If you ask the average programmer they will say that debugging is the process of removing errors (bugs) from a piece of code. This is a correct definition but not a useful one for the programmer. This definition doesn’t tell you anything about how to debug, just what the end goal is. I propose a different definition: debugging is the process of increasing your understanding of a piece of code.

When we have bugs in our code it’s because our understanding of what the code does and what it actually does differ. Debugging requires us to address this mismatch. There are obvious first steps to expand our knowledge such as reading documentation but this is not always available. The most reliable method of understanding code and one that is always available is experimentation.

Despite compulsory science education very few people understand the scientific method and how to apply it in everyday life, this includes many programmers I meet.
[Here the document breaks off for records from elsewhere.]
(* Let $N\ge2$, $z=(z_1,\dots,z_N)\in\mathcal P_d^N$, and let $x=(x^i_j)_{1\le j\le i\le N}$ be any critical point of $\Phi^N$ restricted to the set of height-$N$ triangular arrays with $N$-th row equal to $z$ (viewed as a function of the free variables $x^i_j$, $1\le j\le i\le N-1$). Set $p_i=|x^i_1\cdots x^i_i|$. Then $$p_1=p_2^{1/2}=\dots=p_{N-1}^{1/(N-1)}=p_N^{1/N}=|z_1\cdots z_N|^{1/N}.$$
   Context: $\mathcal P_d$: $d\times d$ real symmetric positive definite matrices (an open subset of the space of symmetric matrices); $|\cdot|$ determinant. For a height-$N$ triangular array $x=(x^i_j)_{1\le j\le i\le N}$ with $x^i_j\in\mathcal P_d$, $\Phi^N(x)=\sum_{i=1}^{N-1}\sum_{j=1}^i\big(\operatorname{tr}[x^{i+1}_{j+1}(x^i_j)^{-1}]+\operatorname{tr}[x^i_j(x^{i+1}_j)^{-1}]\big)$. *)

theory Defs
  imports "HOL-Analysis.Analysis"
begin

type_synonym 'd sqmat = "real^'d^'d"

definition posdef :: "'d::finite sqmat \<Rightarrow> bool" where
  "posdef A \<longleftrightarrow> transpose A = A \<and> (\<forall>v. v \<noteq> 0 \<longrightarrow> v \<bullet> (A *v v) > 0)"

definition symm :: "'d::finite sqmat \<Rightarrow> bool" where
  "symm A \<longleftrightarrow> transpose A = A"

text \<open>Triangular arrays are functions x i j, meaningful for 1 <= j <= i <= N.\<close>

definition Phi :: "nat \<Rightarrow> (nat \<Rightarrow> nat \<Rightarrow> 'd::finite sqmat) \<Rightarrow> real" where
  "Phi N x = (\<Sum>i=1..N-1. \<Sum>j=1..i.
      trace (x (i+1) (j+1) ** matrix_inv (x i j)) + trace (x i j ** matrix_inv (x (i+1) j)))"

fun mprod :: "(nat \<Rightarrow> 'd::finite sqmat) \<Rightarrow> nat \<Rightarrow> 'd sqmat" where
  "mprod a 0 = mat 1"
| "mprod a (Suc k) = mprod a k ** a (Suc k)"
The number one trap I see people fall into is caused by confirmation bias. As humans, our tendency is to seek out results that confirm our existing beliefs about code but this makes for a poor experiment. In order to experiment and to debug we must systematically challenge our beliefs about the code; make changes that should not matter and see if they actually do.

This is my practical debugging advice to anybody who stuggles with it: systematically go through your code and challenge your ideas of what it does. Make changes that you don’t think would fix the problem because your understanding is flawed. If the bugs were you’re naturally inclined to look, you probably wouldn’t have bugs to begin with!